* _Collected data_:

(* There exist an environment $E$ and a total preorder $\succeq$ on $\Pi^E$ such that $\succeq\in\mathrm{Ord}_{\mathrm{MR}}(E)\cap\mathrm{Ord}_{\mathrm{LTL}}(E)$ but $\succeq\notin\mathrm{Ord}_{\mathrm{LAR}}(E)$.
   Context: An environment is a tuple $E=(\mathcal S,\mathcal A,\mathcal T,\mathcal I)$ where $\mathcal S,\mathcal A$ are finite nonempty sets, $\mathcal T:\mathcal S\times\mathcal A\to\Delta(\mathcal S)$ and $\mathcal I\in\Delta(\mathcal S)$. A policy is a map $\pi:\mathcal S\to\Delta(\mathcal A)$ (stationary, possibly stochastic); $\Pi^E$ denotes the set of all policies. A trajectory $\xi=(s_0,a_0,s_1,a_1,\dots)\in\Xi:=\mathcal S\times(\mathcal A\times\mathcal S)^\omega$ is generated under $\pi$ by $s_0\sim\mathcal I$, $a_t\sim\pi(s_t)$, $s_{t+1}\sim\mathcal T(s_t,a_t)$; $\mathbb E^\pi_\xi$ denotes expectation under this distribution. An objective-specification formalism $X$ assigns to each environment $E$ a set of objective specifications, each inducing a total preorder $\succeq$ on $\Pi^E$; $\mathrm{Ord}_X(E)$ is the set of total preorders so induced. A specification defining a scalar $J:\Pi^E\to\mathbb R$ induces $\pi_1\succeq\pi_2\iff J(\pi_1)\ge J(\pi_2)$. MR: specification $(\mathcal R,\gamma)$, $\mathcal R:\mathcal S\times\mathcal A\times\mathcal S\to\mathbb R$, $\gamma\in[0,1)$, $J(\pi)=\mathbb E^\pi_\xi[\sum_{t=0}^\infty\gamma^t\mathcal R(s_t,a_t,s_{t+1})]$. LAR: specification $(\mathcal R)$, $\mathcal R:\mathcal S\times\mathcal A\times\mathcal S\to\mathbb R$, $J(\pi)=\lim_{N\to\infty}\frac1N\mathbb E^\pi_\xi[\sum_{t=0}^{N-1}\mathcal R(s_t,a_t,s_{t+1})]$. LTL: specification $(\varphi)$ with $\varphi$ a linear temporal logic formula whose atomic propositions are the transitions $(s,a,s')\in\mathcal S\times\mathcal A\times\mathcal S$, built with $\neg,\lor,\land,\to$ and the temporal operators $\bigcirc$ (next), $\square$ (always), $\lozenge$ (eventually), $\mathcal U$ (until). Semantics on a trajectory $\xi$ at time $t$: an atomic proposition $(s,a,s')$ holds iff $(s_t,a_t,s_{t+1})=(s,a,s')$; $\bigcirc\psi$ holds iff $\psi$ holds at $t+1$; $\square\psi$ iff $\psi$ holds at every $t'\ge t$; $\lozenge\psi$ iff $\psi$ holds at some $t'\ge t$; $\psi\,\mathcal U\,\chi$ iff there is $t'\ge t$ with $\chi$ holding at $t'$ and $\psi$ holding at every $t''$ with $t\le t''<t'$; Boolean connectives as usual. $\varphi(\xi)=1$ if $\varphi$ holds at time $0$ and $0$ otherwise; $J(\pi)=\mathbb E^\pi_\xi[\varphi(\xi)]$. *)

theory Defs
  imports "HOL-Probability.Probability"
begin

text \<open>States and actions are encoded as natural numbers; an environment carries
  its finite nonempty state set S and action set A explicitly.  Distributions
  in Delta(X) are pmfs supported in X.\<close>

record env =
  St :: "nat set"
  Ac :: "nat set"
  Tr :: "nat \<Rightarrow> nat \<Rightarrow> nat pmf"
  Init :: "nat pmf"

definition wf_env :: "env \<Rightarrow> bool" where
  "wf_env E \<longleftrightarrow> finite (St E) \<and> St E \<noteq> {} \<and> finite (Ac E) \<and> Ac E \<noteq> {}
     \<and> set_pmf (Init E) \<subseteq> St E
     \<and> (\<forall>s\<in>St E. \<forall>a\<in>Ac E. set_pmf (Tr E s a) \<subseteq> St E)"

text \<open>Policies S -> Delta(A).  Values outside S are irrelevant and fixed to a
  dummy value so that policies correspond exactly to maps on S.\<close>

definition policies :: "env \<Rightarrow> (nat \<Rightarrow> nat pmf) set" where
  "policies E = {\<pi>. (\<forall>s\<in>St E. set_pmf (\<pi> s) \<subseteq> Ac E) \<and> (\<forall>s. s \<notin> St E \<longrightarrow> \<pi> s = return_pmf 0)}"

text \<open>A trajectory s0,a0,s1,a1,... is represented as the stream of pairs (s_t,a_t).
  The probability that the trajectory starts with a given finite prefix:\<close>

fun pref_cont :: "env \<Rightarrow> (nat \<Rightarrow> nat pmf) \<Rightarrow> nat \<Rightarrow> nat \<Rightarrow> (nat \<times> nat) list \<Rightarrow> real" where
  "pref_cont E \<pi> s a [] = pmf (\<pi> s) a"
| "pref_cont E \<pi> s a ((s', a') # xs) = pmf (\<pi> s) a * pmf (Tr E s a) s' * pref_cont E \<pi> s' a' xs"

fun pref_prob :: "env \<Rightarrow> (nat \<Rightarrow> nat pmf) \<Rightarrow> (nat \<times> nat) list \<Rightarrow> real" where
  "pref_prob E \<pi> [] = 1"
| "pref_prob E \<pi> ((s, a) # xs) = pmf (Init E) s * pref_cont E \<pi> s a xs"

definition traj :: "env \<Rightarrow> (nat \<Rightarrow> nat pmf) \<Rightarrow> (nat \<times> nat) stream measure" where
  "traj E \<pi> = (THE M. prob_space M \<and> sets M = sets (stream_space (count_space UNIV))
      \<and> (\<forall>xs. emeasure M {\<omega> \<in> space M. stake (length xs) \<omega> = xs} = ennreal (pref_prob E \<pi> xs)))"

definition trans_at :: "(nat \<times> nat) stream \<Rightarrow> nat \<Rightarrow> nat \<times> nat \<times> nat" where
  "trans_at \<omega> t = (fst (\<omega> !! t), snd (\<omega> !! t), fst (\<omega> !! Suc t))"

definition J_MR :: "env \<Rightarrow> (nat \<Rightarrow> nat \<Rightarrow> nat \<Rightarrow> real) \<Rightarrow> real \<Rightarrow> (nat \<Rightarrow> nat pmf) \<Rightarrow> real" where
  "J_MR E R \<gamma> \<pi> = (\<integral>\<omega>. (\<Sum>t. \<gamma> ^ t * (case trans_at \<omega> t of (s, a, s') \<Rightarrow> R s a s')) \<partial>traj E \<pi>)"
(* Let $\mathcal{X}_1,\mathcal{X}_2$ be non-empty sets, $\mathcal{B}_1\subseteq\mathcal{P}(\mathcal{X}_1)\setminus\{\emptyset\}$, $\mathcal{B}_2\subseteq\mathcal{P}(\mathcal{X}_2)\setminus\{\emptyset\}$, and for $i\in\{1,2\}$ let $\underline{P}_i$ be a coherent conditional lower prevision on $\mathcal{C}_i\subseteq\mathcal{C}(\mathcal{X}_i)$ with natural extension $\underline{E}_i$ to $\mathcal{C}(\mathcal{X}_i)$, and let $\overline{E}_i(g):=-\underline{E}_i(-g)$. Let $\{i,j\}=\{1,2\}$. Then for any $h\in\mathcal{G}(\mathcal{X}_j)$ and any $\mathcal{B}_i$-measurable $g\in\mathcal{G}_{\geq0}(\mathcal{X}_i)$, $$(\underline{P}_1\otimes\underline{P}_2)(gh)=\underline{E}_i\big(g\,\underline{E}_j(h)\big)=\begin{cases}\underline{E}_i(g)\underline{E}_j(h)&\text{if }\underline{E}_j(h)\geq0,\\ \overline{E}_i(g)\underline{E}_j(h)&\text{if }\underline{E}_j(h)\leq0.\end{cases}$$
   Context: Gambles on a non-empty set $\mathcal{X}$ are bounded real functions; $\mathcal{G}(\mathcal{X})$, $\mathcal{G}_{\geq0}(\mathcal{X})$, $\mathcal{G}_{>0}(\mathcal{X})$ denote all gambles, non-negative gambles, non-negative non-zero gambles. For $\mathcal{A}\subseteq\mathcal{G}(\mathcal{X})$: $\mathrm{posi}(\mathcal{A}):=\{\sum_{i=1}^n\lambda_if_i\colon n\in\mathbb{N},\lambda_i>0,f_i\in\mathcal{A}\}$, $\mathcal{E}(\mathcal{A}):=\mathrm{posi}(\mathcal{A}\cup\mathcal{G}_{>0}(\mathcal{X}))$. A coherent set of desirable gambles $\mathcal{D}\subseteq\mathcal{G}(\mathcal{X})$ satisfies: (D1) $f\geq0,f\neq0\Rightarrow f\in\mathcal{D}$; (D2) $f\in\mathcal{D},\lambda>0\Rightarrow\lambda f\in\mathcal{D}$; (D3) $f,g\in\mathcal{D}\Rightarrow f+g\in\mathcal{D}$; (D4) $f\leq0\Rightarrow f\notin\mathcal{D}$. $\mathcal{C}(\mathcal{X}):=\mathcal{G}(\mathcal{X})\times(\mathcal{P}(\mathcal{X})\setminus\{\emptyset\})$; a conditional lower prevision on $\mathcal{C}\subseteq\mathcal{C}(\mathcal{X})$ is a map $(f,B)\mapsto\underline{P}(f\vert B)\in\mathbb{R}\cup\{\pm\infty\}$. For $\mathcal{D}\subseteq\mathcal{G}(\mathcal{X})$, $\underline{P}_{\mathcal{D}}(f\vert B):=\sup\{\mu\in\mathbb{R}\colon[f-\mu]\mathbb{I}_B\in\mathcal{D}\}$. $\underline{P}$ is coherent if $\underline{P}=\underline{P}_{\mathcal{D}}$ on its domain for some coherent set of desirable gambles $\mathcal{D}$. For coherent $\underline{P}$ on $\mathcal{C}$, $\mathcal{E}(\underline{P}):=\mathcal{E}(\{[f-\mu]\mathbb{I}_B\colon(f,B)\in\mathcal{C},\mu<\underline{P}(f\vert B)\})$ and its natural extension is $\underline{E}(f\vert B):=\underline{P}_{\mathcal{E}(\underline{P})}(f\vert B)$ for all $(f,B)\in\mathcal{C}(\mathcal{X})$. Unconditional notation: $\underline{P}(f):=\underline{P}(f\vert\mathcal{X})$. Gambles on $\mathcal{X}_i$ are identified with their cylindrical extensions to $\mathcal{X}_1\times\mathcal{X}_2$, events $B\subseteq\mathcal{X}_1$ with $B\times\mathcal{X}_2$ (similarly for $\mathcal{X}_2$). For coherent sets of desirable gambles $\mathcal{D}_1,\mathcal{D}_2$: $\mathcal{D}_1\otimes\mathcal{D}_2:=\mathcal{E}(\mathcal{A}_{1\to2}\cup\mathcal{A}_{2\to1})$, $\mathcal{A}_{1\to2}:=\{f_2(X_2)\mathbb{I}_{B_1}(X_1)\colon f_2\in\mathcal{D}_2,B_1\in\mathcal{B}_1\cup\{\mathcal{X}_1\}\}$, $\mathcal{A}_{2\to1}:=\{f_1(X_1)\mathbb{I}_{B_2}(X_2)\colon f_1\in\mathcal{D}_1,B_2\in\mathcal{B}_2\cup\{\mathcal{X}_2\}\}$. Then $(\underline{P}_1\otimes\underline{P}_2)(f\vert B):=\underline{P}_{\mathcal{D}}(f\vert B)$ for $(f,B)\in\mathcal{C}(\mathcal{X}_1\times\mathcal{X}_2)$ with $\mathcal{D}=\mathcal{E}(\underline{P}_1)\otimes\mathcal{E}(\underline{P}_2)$. Measurability: for $\mathcal{B}\subseteq\mathcal{P}(\mathcal{X})\setminus\{\emptyset\}$, $g\in\mathcal{G}_{\geq0}(\mathcal{X})$ is simple $\mathcal{B}$-measurable if $g=c_0+\sum_{k=1}^nc_k\mathbb{I}_{B_k}$ for some $n\in\mathbb{N}\cup\{0\}$, $c_0,\dots,c_n\geq0$, $B_k\in\mathcal{B}$; $g\in\mathcal{G}_{\geq0}(\mathcal{X})$ is $\mathcal{B}$-measurable if there is a sequence of simple $\mathcal{B}$-measurable $g_n\in\mathcal{G}_{\geq0}(\mathcal{X})$ with $\sup|g-g_n|\to0$. *)

theory Defs
  imports Complex_Main "HOL-Library.Extended_Real" "HOL-Library.Indicator_Function"
begin

text \<open>Gambles on a type (the possibility space is the whole type, which is non-empty).\<close>
definition gambles :: "('a \<Rightarrow> real) set" where
  "gambles = {f. \<exists>M. \<forall>x. \<bar>f x\<bar> \<le> M}"

definition nonneg_gambles :: "('a \<Rightarrow> real) set" where
  "nonneg_gambles = {f \<in> gambles. \<forall>x. f x \<ge> 0}"

definition pos_gambles :: "('a \<Rightarrow> real) set" where
  "pos_gambles = {f \<in> gambles. (\<forall>x. f x \<ge> 0) \<and> f \<noteq> (\<lambda>x. 0)}"

definition posi :: "('a \<Rightarrow> real) set \<Rightarrow> ('a \<Rightarrow> real) set" where
  "posi A = {f. \<exists>n::nat. n \<ge> 1 \<and> (\<exists>lam fs. (\<forall>i<n. lam i > (0::real) \<and> fs i \<in> A)
              \<and> f = (\<lambda>x. \<Sum>i<n. lam i * fs i x))}"

definition natext_set :: "('a \<Rightarrow> real) set \<Rightarrow> ('a \<Rightarrow> real) set" where
  "natext_set A = posi (A \<union> pos_gambles)"

definition coherent_dgs :: "('a \<Rightarrow> real) set \<Rightarrow> bool" where
  "coherent_dgs D \<longleftrightarrow> D \<subseteq> gambles
     \<and> (\<forall>f \<in> gambles. (\<forall>x. f x \<ge> 0) \<and> f \<noteq> (\<lambda>x. 0) \<longrightarrow> f \<in> D)
     \<and> (\<forall>f \<in> D. \<forall>lam::real. lam > 0 \<longrightarrow> (\<lambda>x. lam * f x) \<in> D)
     \<and> (\<forall>f \<in> D. \<forall>g \<in> D. (\<lambda>x. f x + g x) \<in> D)
     \<and> (\<forall>f \<in> gambles. (\<forall>x. f x \<le> 0) \<longrightarrow> f \<notin> D)"

definition Cdom :: "(('a \<Rightarrow> real) \<times> 'a set) set" where
  "Cdom = gambles \<times> {B. B \<noteq> {}}"

text \<open>Lower prevision induced by a set of desirable gambles (Sup of empty set is -\<infinity>).\<close>
definition lpr :: "('a \<Rightarrow> real) set \<Rightarrow> ('a \<Rightarrow> real) \<Rightarrow> 'a set \<Rightarrow> ereal" where
  "lpr D f B = Sup (ereal ` {mu. (\<lambda>x. (f x - mu) * indicator B x) \<in> D})"

definition coherent_clp ::
  "(('a \<Rightarrow> real) \<times> 'a set) set \<Rightarrow> (('a \<Rightarrow> real) \<Rightarrow> 'a set \<Rightarrow> ereal) \<Rightarrow> bool" where
  "coherent_clp C P \<longleftrightarrow> (\<exists>D. coherent_dgs D \<and> (\<forall>(f, B) \<in> C. P f B = lpr D f B))"

definition natext_clp_set ::
  "(('a \<Rightarrow> real) \<times> 'a set) set \<Rightarrow> (('a \<Rightarrow> real) \<Rightarrow> 'a set \<Rightarrow> ereal) \<Rightarrow> ('a \<Rightarrow> real) set" where
  "natext_clp_set C P = natext_set
     {h. \<exists>f B mu. (f, B) \<in> C \<and> ereal mu < P f B \<and> h = (\<lambda>x. (f x - mu) * indicator B x)}"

* _INSTRUCTIONS FOR THE TASK_: Starting at the line that contains "(stream_space (count_space UNIV))" and stopping after the line that contains "E R \<gamma>", write out every line exactly as it appears above, and no other line.

* _WORKED SOLUTION_:
  "traj E \<pi> = (THE M. prob_space M \<and> sets M = sets (stream_space (count_space UNIV))
      \<and> (\<forall>xs. emeasure M {\<omega> \<in> space M. stake (length xs) \<omega> = xs} = ennreal (pref_prob E \<pi> xs)))"

definition trans_at :: "(nat \<times> nat) stream \<Rightarrow> nat \<Rightarrow> nat \<times> nat \<times> nat" where
  "trans_at \<omega> t = (fst (\<omega> !! t), snd (\<omega> !! t), fst (\<omega> !! Suc t))"

definition J_MR :: "env \<Rightarrow> (nat \<Rightarrow> nat \<Rightarrow> nat \<Rightarrow> real) \<Rightarrow> real \<Rightarrow> (nat \<Rightarrow> nat pmf) \<Rightarrow> real" where
  "J_MR E R \<gamma> \<pi> = (\<integral>\<omega>. (\<Sum>t. \<gamma> ^ t * (case trans_at \<omega> t of (s, a, s') \<Rightarrow> R s a s')) \<partial>traj E \<pi>)"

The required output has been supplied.